Antibody to type 1 binds to type 2 without preventing
infection with type 2.
Practice Q answer options
A. Measles virus
B. Mumps virus
C. Rubella virus
D. Dengue virus
E. All of the above
F. None of the above
Practice Questions:
1. Which are DNA viruses?
2. Which are positive sense single stranded viruses? Negative sense?
3. Which DON’T we vaccinate for? Why?
4. What would you expect to see histologically in a patient with Koplik’s spots & maculopapular rash?
5. Patient presents with parotitis, fever, and orchitis. What virus? What other complications should you monitor for? What family
does this virus belong to?
6. What antivirals are used to treat measles, mumps, and rubella?
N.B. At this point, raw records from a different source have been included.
(* Let $\Gamma$ be a finitely generated group equipped with the word metric associated with a finite generating set. Then $\Gamma$ has exponential growth if and only if $h_\infty(\Gamma)=\infty$ (and otherwise $h_\infty(\Gamma)=0$).
   Context: The word metric associated with a generating set $S$ is the path metric of the Cayley graph with vertex set $\Gamma$ and edges $\{\gamma,\gamma s\}$, $s\in S$. Non-decreasing functions $f,g\colon\mathbb N\to\mathbb N\cup\{\infty\}$ are equivalent if there is $D\in\mathbb N$ with $f(r)\le Dg(Dr)$ and $g(r)\le Df(Dr)$ for all $r$; $\Gamma$ has exponential growth if $r\mapsto|B(e,r)|$ is equivalent to $r\mapsto\exp(r)$. Coarse entropy $h_\infty(X)=\lim_{\delta\to\infty}\lim_{R\to\infty}\limsup_{n\to\infty}\frac1n\log s(n,R,\delta,x_0)$, where $s(n,R,\delta,x_0)$ is the supremum of cardinalities of $R$-separated sets of $\delta$-paths $(x_0,\dots,x_n)$ ($d(x_i,x_{i+1})\le\delta$) starting at $x_0$, paths compared by $\max_i d(x_i,y_i)$. *)

theory Defs
  imports "HOL-Analysis.Analysis" "HOL-Algebra.Algebra" "HOL-Library.Liminf_Limsup"
begin

text \<open>Word metric of the Cayley graph of G w.r.t. S: vertex set carrier G,
  (undirected) edges {g, g s} with s in S. The distance is the length of a
  shortest edge path.\<close>
definition word_dist :: "('a, 'b) monoid_scheme \<Rightarrow> 'a set \<Rightarrow> 'a \<Rightarrow> 'a \<Rightarrow> nat" where
  "word_dist G S x y = (LEAST n. \<exists>f :: nat \<Rightarrow> 'a. f 0 = x \<and> f n = y \<and>
      (\<forall>i\<le>n. f i \<in> carrier G) \<and>
      (\<forall>i<n. \<exists>s\<in>S. f (Suc i) = f i \<otimes>\<^bsub>G\<^esub> s \<or> f i = f (Suc i) \<otimes>\<^bsub>G\<^esub> s))"

definition word_ball :: "('a, 'b) monoid_scheme \<Rightarrow> 'a set \<Rightarrow> nat \<Rightarrow> 'a set" where
  "word_ball G S r = {g \<in> carrier G. word_dist G S \<one>\<^bsub>G\<^esub> g \<le> r}"

text \<open>Exponential growth: r \<mapsto> |B(e,r)| is equivalent to r \<mapsto> exp r, i.e. there
  is D \<in> \<nat> with f(r) \<le> D g(D r) and g(r) \<le> D f(D r) for all r.\<close>
definition exponential_growth :: "('a, 'b) monoid_scheme \<Rightarrow> 'a set \<Rightarrow> bool" where
  "exponential_growth G S \<longleftrightarrow> (\<exists>D::nat. \<forall>r::nat.
      real (card (word_ball G S r)) \<le> real D * exp (real (D * r)) \<and>
      exp (real r) \<le> real D * real (card (word_ball G S (D * r))))"

definition delta_paths :: "('a, 'b) monoid_scheme \<Rightarrow> 'a set \<Rightarrow> nat \<Rightarrow> real \<Rightarrow> 'a \<Rightarrow> 'a list set" where
  "delta_paths G S n \<delta> x0 = {p. length p = Suc n \<and> set p \<subseteq> carrier G \<and> p ! 0 = x0 \<and>
      (\<forall>i<n. real (word_dist G S (p ! i) (p ! Suc i)) \<le> \<delta>)}"

definition path_separated :: "('a, 'b) monoid_scheme \<Rightarrow> 'a set \<Rightarrow> nat \<Rightarrow> real \<Rightarrow> 'a list set \<Rightarrow> bool" where
  "path_separated G S n R P \<longleftrightarrow> (\<forall>p\<in>P. \<forall>q\<in>P. p \<noteq> q \<longrightarrow>
      (\<exists>i\<le>n. R \<le> real (word_dist G S (p ! i) (q ! i))))"

definition sep_count :: "('a, 'b) monoid_scheme \<Rightarrow> 'a set \<Rightarrow> nat \<Rightarrow> real \<Rightarrow> real \<Rightarrow> 'a \<Rightarrow> ereal" where
  "sep_count G S n R \<delta> x0 = (SUP P \<in> {P. finite P \<and> P \<subseteq> delta_paths G S n \<delta> x0 \<and>
      path_separated G S n R P}. ereal (real (card P)))"

definition eln :: "ereal \<Rightarrow> ereal" where
  "eln x = (if x = \<infinity> then \<infinity> else ereal (ln (real_of_ereal x)))"

definition coarse_entropy :: "('a, 'b) monoid_scheme \<Rightarrow> 'a set \<Rightarrow> ereal" where
  "coarse_entropy G S = Lim at_top (\<lambda>\<delta>::real. Lim at_top (\<lambda>R::real.
      limsup (\<lambda>n::nat. eln (sep_count G S n R \<delta> \<one>\<^bsub>G\<^esub>) / ereal (real n))))"

end

theory Submission
  imports Defs
begin

(*
  Separated families of delta-paths are controlled by word balls from both sides. Sampling a
  delta-path every k steps records n div k increments in the ball of radius k * ceil(delta), and two
  paths with the same increments stay within 2k * ceil(delta) of each other; hence
  s(n, R, delta) <= |B(k * ceil delta)| ^ (n div k) once R >= 2k * ceil(delta). Conversely, geodesics
  from the identity to a maximal R-separated subset of B(n * floor delta), travelled at speed
  floor(delta), form an R-separated family, so s(n, R, delta) >= |B(n * floor delta)| / |B(ceil R)|.
  Under exponential growth the lower bound makes the entropy at scale delta at least floor(delta)/D,
  which is unbounded in delta. Otherwise, with c = ceil(delta), for every m some r has
  c m |B(c m r)| < e^r, and the upper bound with k = m r bounds the entropy at scale delta by 1/m.
*)

lemma antimono_tendsto_INF_at_top:
  fixes f :: "'a::linorder \<Rightarrow> 'b::{complete_linorder, linorder_topology}"
  assumes "\<And>x y. x \<le> y \<Longrightarrow> f y \<le> f x"
  shows "(f \<longlongrightarrow> (INF x. f x)) at_top"
proof (rule order_tendstoI)
  fix a assume "a < (INF x. f x)"
  then show "eventually (\<lambda>x. a < f x) at_top"
    by (meson INF_lower UNIV_I always_eventually order_less_le_trans)
next
  fix a assume "(INF x. f x) < a"
  then obtain x where "f x < a" by (auto simp: INF_less_iff)
  then show "eventually (\<lambda>y. f y < a) at_top"
    using assms by (intro eventually_mono[OF eventually_ge_at_top[of x]]) (meson order_le_less_trans)
qed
7. ELISA for IgG early in pregnancy is used to detect the immune status for what virus? What are the potential teratogenic effects of
this virus?
8. 3 year-old child in India presents with dengue hemorrhagic shock syndrome. What is the mechanism of disease? How is this
treated?
Answers:
1. F, they are all RNA viruses
2. Positive = C, D; negative = A, B
3. D cuz enhancing antibody effect
4. Syncitial cell formations due to measle virus inducing cell-cell fusion
5. Mumps; pancreatitis & meningoencephalitis; paramyxovirus family
6. None! So get vaccinated to prevent disease
7. Rubella; cataracts, MR, deafness, early death
8. Enhancing antibody effect (see figure 1 above) Tx fluids, electrolyte balance, bld transfusion if severe hemorrhage.